== Segment start ==
(* Let $k,m,n$ be positive integers with $m\le n(n+1)/2$. Let $\mathcal{C}$ be any algorithm that, given an $m\times n$ matrix $A$ whose entries are $O(k)$-bit integers, produces a data structure (bit string) $\mathcal{C}(A)$ from which, independently of $A$, the value $\mu_A(J)$ can be evaluated for every $J\in\mathbb{I}_n$. Then $\mathcal{C}(A)$ needs $\Omega(km)$ bits of space (i.e. in the worst case over such matrices $A$, $\mathcal{C}(A)$ has at least $c\,km$ bits for an absolute constant $c>0$).
   Context: For integers $i\le j$, $[i:j]=\{i,\dots,j\}$; $\mathbb{I}_n=\{[i:j]:1\le i\le j\le n\}$. For a matrix $A=[a_{ij}]$ with $n$ columns, $\mu_A:\mathbb{I}_n\to\mathbb{R}$ is $\mu_A(J)=\max_{k'\ge1}\sum_{i=1}^{k'}\sum_{j\in J}a_{ij}$, the maximum over row indices $k'$. *)

theory Defs
  imports Complex_Main
begin

text \<open>An m x n integer matrix is represented as a function on indices (rows 1..m,
  columns 1..n); entries outside this range are required to be 0 so that
  distinct functions correspond to distinct matrices.\<close>

definition int_matrix_bits :: "nat \<Rightarrow> nat \<Rightarrow> nat \<Rightarrow> (nat \<Rightarrow> nat \<Rightarrow> int) set" where
  "int_matrix_bits b m n = {A. (\<forall>i j. (i < 1 \<or> i > m \<or> j < 1 \<or> j > n) \<longrightarrow> A i j = 0)
                             \<and> (\<forall>i j. \<bar>A i j\<bar> < 2 ^ b)}"

definition mu :: "nat \<Rightarrow> (nat \<Rightarrow> nat \<Rightarrow> int) \<Rightarrow> nat \<Rightarrow> nat \<Rightarrow> int" where
  "mu m A i j = Max ((\<lambda>k'. \<Sum>r = 1..k'. \<Sum>c = i..j. A r c) ` {1..m})"

end

theory Submission
  imports Defs "HOL-Library.FuncSet"
begin

text \<open>Any table F of integers with F 0 = 0 arises as the table of interval sums
  F K j - F K (i-1) of its second difference matrix, so \<mu> takes the maximum of these
  differences over the rows K. Injectively label each row r by an interval p r and put into
  row r of F a dip of depth 2^k just left of p r and a k-bit payload f r at its right end.
  Then \<mu>(p r) = 2^k + f r, because every other row contributes at most 2^k to that
  interval. Hence \<mu> determines all m payloads, and the 2^(km) resulting matrices need
  pairwise distinct encodings, one of which has at least km bits.\<close>

lemma card_bool_lists_shorter:
  "finite {xs :: bool list. length xs < N} \<and> card {xs :: bool list. length xs < N} < 2 ^ N"
proof (induction N)
  case 0
  then show ?case by simp
next
  case (Suc N)
  let ?eq = "{xs :: bool list. set xs \<subseteq> UNIV \<and> length xs = N}"
  have split: "{xs :: bool list. length xs < Suc N} = {xs. length xs < N} \<union> ?eq"
    by auto
  have "finite ?eq" "card ?eq = 2 ^ N"
    using finite_lists_length_eq[of "UNIV :: bool set" N] card_lists_length_eq[of "UNIV :: bool set" N]
    by simp_all
  then show ?case
    using Suc card_Un_le[of "{xs :: bool list. length xs < N}" ?eq] unfolding split by auto
qed

lemma ex_long_bool_list:
  assumes "2 ^ N \<le> card (S :: bool list set)"
  shows "\<exists>xs\<in>S. N \<le> length xs"
proof (rule ccontr)
  assume "\<not> ?thesis"
  then have "S \<subseteq> {xs. length xs < N}" by auto
  then have "card S \<le> card {xs :: bool list. length xs < N}"
    using card_bool_lists_shorter card_mono by blast
  with assms card_bool_lists_shorter[of N] show False by simp
qed

definition intervals :: "nat \<Rightarrow> (nat \<times> nat) set" where
  "intervals n = {(i, j). 1 \<le> i \<and> i \<le> j \<and> j \<le> n}"

lemma finite_intervals: "finite (intervals n)"
  by (rule finite_subset[of _ "{1..n} \<times> {1..n}"]) (auto simp: intervals_def)

lemma card_intervals: "2 * card (intervals n) = n * (n + 1)"
proof (induction n)
  case 0
  have "intervals 0 = {}" by (auto simp: intervals_def)
  then show ?case by simp
next
  case (Suc n)
  let ?new = "(\<lambda>i. (i, Suc n)) ` {1..Suc n}"
  have "intervals (Suc n) = intervals n \<union> ?new" "intervals n \<inter> ?new = {}"
    by (auto simp: intervals_def)
  moreover have "card ?new = Suc n"
    by (subst card_image) (auto simp: inj_on_def)
  ultimately have "card (intervals (Suc n)) = card (intervals n) + Suc n"
    using finite_intervals by (simp add: card_Un_disjoint)
  with Suc show ?case by simp
qed

lemma ex_inj_into_intervals:
  assumes "2 * m \<le> n * (n + 1)"
  obtains p where "inj_on p {1..m}" "p ` {1..m} \<subseteq> intervals n"
  using card_le_inj[OF _ finite_intervals, of "{1..m}" n] assms card_intervals[of n] by auto

lemma sum_telescope_pred:
  fixes g :: "nat \<Rightarrow> 'a :: ab_group_add"
  assumes "1 \<le> i" "i \<le> Suc j"
  shows "(\<Sum>c = i..j. g c - g (c - 1)) = g j - g (i - 1)"
  using assms
proof (induction j)
  case (Suc j)
  then show ?case by (cases "i = Suc (Suc j)") (auto simp: sum.cl_ivl_Suc)
qed simp

definition second_difference :: "(nat \<Rightarrow> nat \<Rightarrow> int) \<Rightarrow> nat \<Rightarrow> nat \<Rightarrow> int" where
  "second_difference F r c = F r c - F r (c - 1) - F (r - 1) c + F (r - 1) (c - 1)"

definition difference_matrix :: "nat \<Rightarrow> nat \<Rightarrow> (nat \<Rightarrow> nat \<Rightarrow> int) \<Rightarrow> nat \<Rightarrow> nat \<Rightarrow> int" where
  "difference_matrix m n F r c =
     (if 1 \<le> r \<and> r \<le> m \<and> 1 \<le> c \<and> c \<le> n then second_difference F r c else 0)"

lemma sum_difference_matrix:
  assumes "K \<le> m" "1 \<le> i" "i \<le> j" "j \<le> n"
  shows "(\<Sum>r = 1..K. \<Sum>c = i..j. difference_matrix m n F r c)
           = (F K j - F K (i - 1)) - (F 0 j - F 0 (i - 1))"
proof -
  let ?H = "\<lambda>r. F r j - F r (i - 1)"
  have row: "(\<Sum>c = i..j. difference_matrix m n F r c) = ?H r - ?H (r - 1)"
    if "r \<in> {1..K}" for r
  proof -
    have "(\<Sum>c = i..j. difference_matrix m n F r c)
            = (\<Sum>c = i..j. F r c - F r (c - 1)) - (\<Sum>c = i..j. F (r - 1) c - F (r - 1) (c - 1))"
      unfolding sum_subtractf[symmetric] using that assms
      by (intro sum.cong) (auto simp: difference_matrix_def second_difference_def)
    then show ?thesis
      using assms sum_telescope_pred[of i j "F r"] sum_telescope_pred[of i j "F (r - 1)"] by simp
  qed
  have "(\<Sum>r = 1..K. \<Sum>c = i..j. difference_matrix m n F r c) = (\<Sum>r = 1..K. ?H r - ?H (r - 1))"
    using row by (rule sum.cong[OF refl])
  also have "\<dots> = ?H K - ?H 0"
    using sum_telescope_pred[of 1 K ?H] by simp
  finally show ?thesis .
qed

lemma mu_difference_matrix:
  assumes "\<forall>w. F 0 w = 0" "1 \<le> i" "i \<le> j" "j \<le> n"
  shows "mu m (difference_matrix m n F) i j = Max ((\<lambda>K. F K j - F K (i - 1)) ` {1..m})"
  unfolding mu_def using assms sum_difference_matrix[of _ m i j n F]
  by (intro arg_cong[where f = Max] image_cong) auto

lemma difference_matrix_in_int_matrix_bits:
  assumes "\<forall>r \<le> m. \<forall>w. \<bar>F r w\<bar> \<le> M" "4 * M < 2 ^ b"
  shows "difference_matrix m n F \<in> int_matrix_bits b m n"
proof -
  have "\<bar>second_difference F r c\<bar> < 2 ^ b" if "r \<le> m" for r c
  proof -
    have "\<bar>F r c\<bar> \<le> M" "\<bar>F r (c - 1)\<bar> \<le> M" "\<bar>F (r - 1) c\<bar> \<le> M"
      "\<bar>F (r - 1) (c - 1)\<bar> \<le> M"
      using assms(1) that by auto
    then show ?thesis
      using assms(2) unfolding second_difference_def abs_le_iff abs_less_iff by linarith
  qed
  then show ?thesis
    by (auto simp: int_matrix_bits_def difference_matrix_def)
qed

text \<open>The dip of depth 2^k just left of p r makes p r the only interval on which
  row r contributes more than 2^k to \<mu>.\<close>

definition peak_table :: "nat \<Rightarrow> (nat \<Rightarrow> nat \<times> nat) \<Rightarrow> (nat \<Rightarrow> nat) \<Rightarrow> nat \<Rightarrow> nat \<Rightarrow> int" where
  "peak_table k p f r w =
     (if r = 0 then 0
      else if w = snd (p r) then int (f r)
      else if w = fst (p r) - 1 then - (2 ^ k)
      else 0)"

lemma abs_peak_table_le:
  assumes "\<forall>r\<in>{1..m}. f r < 2 ^ k" "r \<le> m"
  shows "\<bar>peak_table k p f r w\<bar> \<le> 2 ^ k"
proof (cases "r = 0")
  case False
  then have "int (f r) < 2 ^ k"
    using assms by (metis atLeastAtMost_iff less_one not_le of_nat_less_iff of_nat_numeral of_nat_power)
  then show ?thesis by (simp add: peak_table_def)
qed (simp add: peak_table_def)

lemma peak_table_diff_at_peak:
  assumes "r \<noteq> 0" "p r \<in> intervals n"
  shows "peak_table k p f r (snd (p r)) - peak_table k p f r (fst (p r) - 1) = 2 ^ k + int (f r)"
  using assms by (auto simp: peak_table_def intervals_def)

lemma peak_table_diff_off_peak:
  assumes "p r \<in> intervals n" "1 \<le> i" "i \<le> j" "(i, j) \<noteq> p r" "f r < 2 ^ k"
  shows "peak_table k p f r j - peak_table k p f r (i - 1) \<le> 2 ^ k"
proof -
  have "int (f r) < 2 ^ k"
    using assms(5) by (metis of_nat_less_iff of_nat_numeral of_nat_power)
  moreover have "- int (f r) \<le> 2 ^ k"
    by (rule order.trans[of _ 0]) simp_all
  ultimately show ?thesis
    using assms(1-4) by (cases "p r") (auto simp: peak_table_def intervals_def)
qed

lemma mu_peak_matrix:
  assumes inj: "inj_on p {1..m}" and into: "p ` {1..m} \<subseteq> intervals n"
    and payload: "\<forall>r\<in>{1..m}. f r < 2 ^ k" and r0: "r0 \<in> {1..m}"
  shows "mu m (difference_matrix m n (peak_table k p f)) (fst (p r0)) (snd (p r0))
           = 2 ^ k + int (f r0)"
proof -
  obtain i j where ij: "p r0 = (i, j)" by force
  have "p r0 \<in> intervals n" using into r0 by blast
  then have bounds: "1 \<le> i" "i \<le> j" "j \<le> n" using ij by (auto simp: intervals_def)
  let ?D = "\<lambda>K. peak_table k p f K j - peak_table k p f K (i - 1)"
  have "Max (?D ` {1..m}) = 2 ^ k + int (f r0)"
  proof (rule Max_eqI)
    show "2 ^ k + int (f r0) \<in> ?D ` {1..m}"
      using r0 ij peak_table_diff_at_peak[of r0 p n k f] \<open>p r0 \<in> intervals n\<close> by force
  next
    fix y assume "y \<in> ?D ` {1..m}"
    then obtain K where K: "K \<in> {1..m}" "y = ?D K" by auto
    show "y \<le> 2 ^ k + int (f r0)"
    proof (cases "K = r0")
      case True
      then show ?thesis
        using K ij peak_table_diff_at_peak[of r0 p n k f] \<open>p r0 \<in> intervals n\<close> by simp
    next
      case False
      then have "(i, j) \<noteq> p K" using inj K r0 ij by (metis inj_onD)
      moreover have "p K \<in> intervals n" using into K by blast
      ultimately have "y \<le> 2 ^ k"
        using K payload bounds peak_table_diff_off_peak[of p K n i j f k] by auto
      then show ?thesis by simp
    qed
  qed simp
  then show ?thesis
    using mu_difference_matrix[of "peak_table k p f" i j n m] bounds ij
    by (simp add: peak_table_def)
qed

lemma peak_matrix_in_int_matrix_bits:
  assumes "k \<ge> 1" "\<forall>r\<in>{1..m}. f r < 2 ^ k"
  shows "difference_matrix m n (peak_table k p f) \<in> int_matrix_bits (4 * k) m n"
proof (rule difference_matrix_in_int_matrix_bits)
  show "\<forall>r \<le> m. \<forall>w. \<bar>peak_table k p f r w\<bar> \<le> 2 ^ k"
    using abs_peak_table_le[OF assms(2)] by blast
  have "(2 :: int) ^ (k + 2) < 2 ^ (4 * k)"
    using assms(1) by (intro power_strict_increasing) auto
  then show "4 * 2 ^ k < (2 :: int) ^ (4 * k)"
    by (simp add: power_add)
qed

lemma inj_on_encode_peak_matrix:
  assumes "k \<ge> 1" and inj: "inj_on p {1..m}" and into: "p ` {1..m} \<subseteq> intervals n"
    and decodes: "\<forall>A \<in> int_matrix_bits (4 * k) m n. \<forall>i j. 1 \<le> i \<longrightarrow> i \<le> j \<longrightarrow> j \<le> n \<longrightarrow>
                    dec (enc A) i j = mu m A i j"
  shows "inj_on (\<lambda>f. enc (difference_matrix m n (peak_table k p f))) (\<Pi>\<^sub>E r\<in>{1..m}. {..<2 ^ k})"
proof (rule inj_onI)
  fix f g
  assume f: "f \<in> (\<Pi>\<^sub>E r\<in>{1..m}. {..<2 ^ k})" and g: "g \<in> (\<Pi>\<^sub>E r\<in>{1..m}. {..<2 ^ k})"
    and same: "enc (difference_matrix m n (peak_table k p f)) = enc (difference_matrix m n (peak_table k p g))"
  have decoded: "dec (enc (difference_matrix m n (peak_table k p h))) (fst (p r)) (snd (p r))
                   = 2 ^ k + int (h r)"
    if "h \<in> (\<Pi>\<^sub>E r\<in>{1..m}. {..<2 ^ k})" "r \<in> {1..m}" for h r
  proof -
    have payload: "\<forall>r\<in>{1..m}. h r < 2 ^ k" using that(1) by auto
    have "p r \<in> intervals n" using into that(2) by blast
    then have "1 \<le> fst (p r)" "fst (p r) \<le> snd (p r)" "snd (p r) \<le> n"
      by (cases "p r"; simp add: intervals_def)+
    then have "dec (enc (difference_matrix m n (peak_table k p h))) (fst (p r)) (snd (p r))
                 = mu m (difference_matrix m n (peak_table k p h)) (fst (p r)) (snd (p r))"
      using decodes peak_matrix_in_int_matrix_bits[OF \<open>k \<ge> 1\<close> payload] by blast
    then show ?thesis
      using mu_peak_matrix[OF inj into payload that(2)] by simp
  qed
  show "f = g"
  proof (rule PiE_ext[OF f g])
    fix r assume "r \<in> {1..m}"
    then show "f r = g r" using decoded[OF f] decoded[OF g] same by simp
  qed
qed

lemma ex_long_encoding:
  fixes enc :: "(nat \<Rightarrow> nat \<Rightarrow> int) \<Rightarrow> bool list"
  assumes k: "k \<ge> 1" and mn: "2 * m \<le> n * (n + 1)"
    and decodes: "\<forall>A \<in> int_matrix_bits (4 * k) m n. \<forall>i j. 1 \<le> i \<longrightarrow> i \<le> j \<longrightarrow> j \<le> n \<longrightarrow>
                    dec (enc A) i j = mu m A i j"
  shows "\<exists>A \<in> int_matrix_bits (4 * k) m n. k * m \<le> length (enc A)"
proof -
  obtain p where inj: "inj_on p {1..m}" and into: "p ` {1..m} \<subseteq> intervals n"
    using ex_inj_into_intervals[OF mn] .
  let ?P = "\<Pi>\<^sub>E r\<in>{1..m}. {..<(2::nat) ^ k}"
  let ?A = "\<lambda>f. difference_matrix m n (peak_table k p f)"
  have "card ((\<lambda>f. enc (?A f)) ` ?P) = 2 ^ (k * m)"
    using card_image[OF inj_on_encode_peak_matrix[OF k inj into decodes]]
    by (simp add: card_PiE power_mult)
  then obtain xs where "xs \<in> (\<lambda>f. enc (?A f)) ` ?P" "k * m \<le> length xs"
    using ex_long_bool_list[of "k * m" "(\<lambda>f. enc (?A f)) ` ?P"] by auto
  then obtain f where "f \<in> ?P" "k * m \<le> length (enc (?A f))"
    by blast
  moreover have "\<forall>r\<in>{1..m}. f r < 2 ^ k"
    using \<open>f \<in> ?P\<close> by auto
  ultimately show ?thesis
    using peak_matrix_in_int_matrix_bits[OF k] by blast
qed

theorem lemma6p6:
  shows "\<exists>c::real. c > 0 \<and> (\<exists>C::nat. \<forall>k m n :: nat.
           \<forall>(enc :: (nat \<Rightarrow> nat \<Rightarrow> int) \<Rightarrow> bool list) (dec :: bool list \<Rightarrow> nat \<Rightarrow> nat \<Rightarrow> int).
             k \<ge> 1 \<longrightarrow> m \<ge> 1 \<longrightarrow> n \<ge> 1 \<longrightarrow> 2 * m \<le> n * (n + 1) \<longrightarrow>
             (\<forall>A \<in> int_matrix_bits (C * k) m n. \<forall>i j. 1 \<le> i \<longrightarrow> i \<le> j \<longrightarrow> j \<le> n \<longrightarrow>
                 dec (enc A) i j = mu m A i j) \<longrightarrow>
             (\<exists>A \<in> int_matrix_bits (C * k) m n. real (length (enc A)) \<ge> c * real k * real m))"
proof (intro exI[of _ "1 :: real"] exI[of _ "4 :: nat"] conjI allI impI)
  fix k m n :: nat and enc :: "(nat \<Rightarrow> nat \<Rightarrow> int) \<Rightarrow> bool list" and dec
  assume "k \<ge> 1" "2 * m \<le> n * (n + 1)"
    "\<forall>A \<in> int_matrix_bits (4 * k) m n. \<forall>i j. 1 \<le> i \<longrightarrow> i \<le> j \<longrightarrow> j \<le> n \<longrightarrow>
       dec (enc A) i j = mu m A i j"
  then obtain A where "A \<in> int_matrix_bits (4 * k) m n" "k * m \<le> length (enc A)"
    using ex_long_encoding by blast
  moreover from \<open>k * m \<le> length (enc A)\<close> have "1 * real k * real m \<le> real (length (enc A))"
    by (metis mult_1 of_nat_le_iff of_nat_mult)
  ultimately show "\<exists>A \<in> int_matrix_bits (4 * k) m n. 1 * real k * real m \<le> real (length (enc A))"
    by blast
qed simp

end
== Segment end ==
> _WORK INSTRUCTIONS_
What is needed is a copy of every line above in which "union" appears.

> _ANSWER TO THIS EXERCISE_
  have split: "{xs :: bool list. length xs < Suc N} = {xs. length xs < N} \<union> ?eq"
  have "intervals (Suc n) = intervals n \<union> ?new" "intervals n \<inter> ?new = {}"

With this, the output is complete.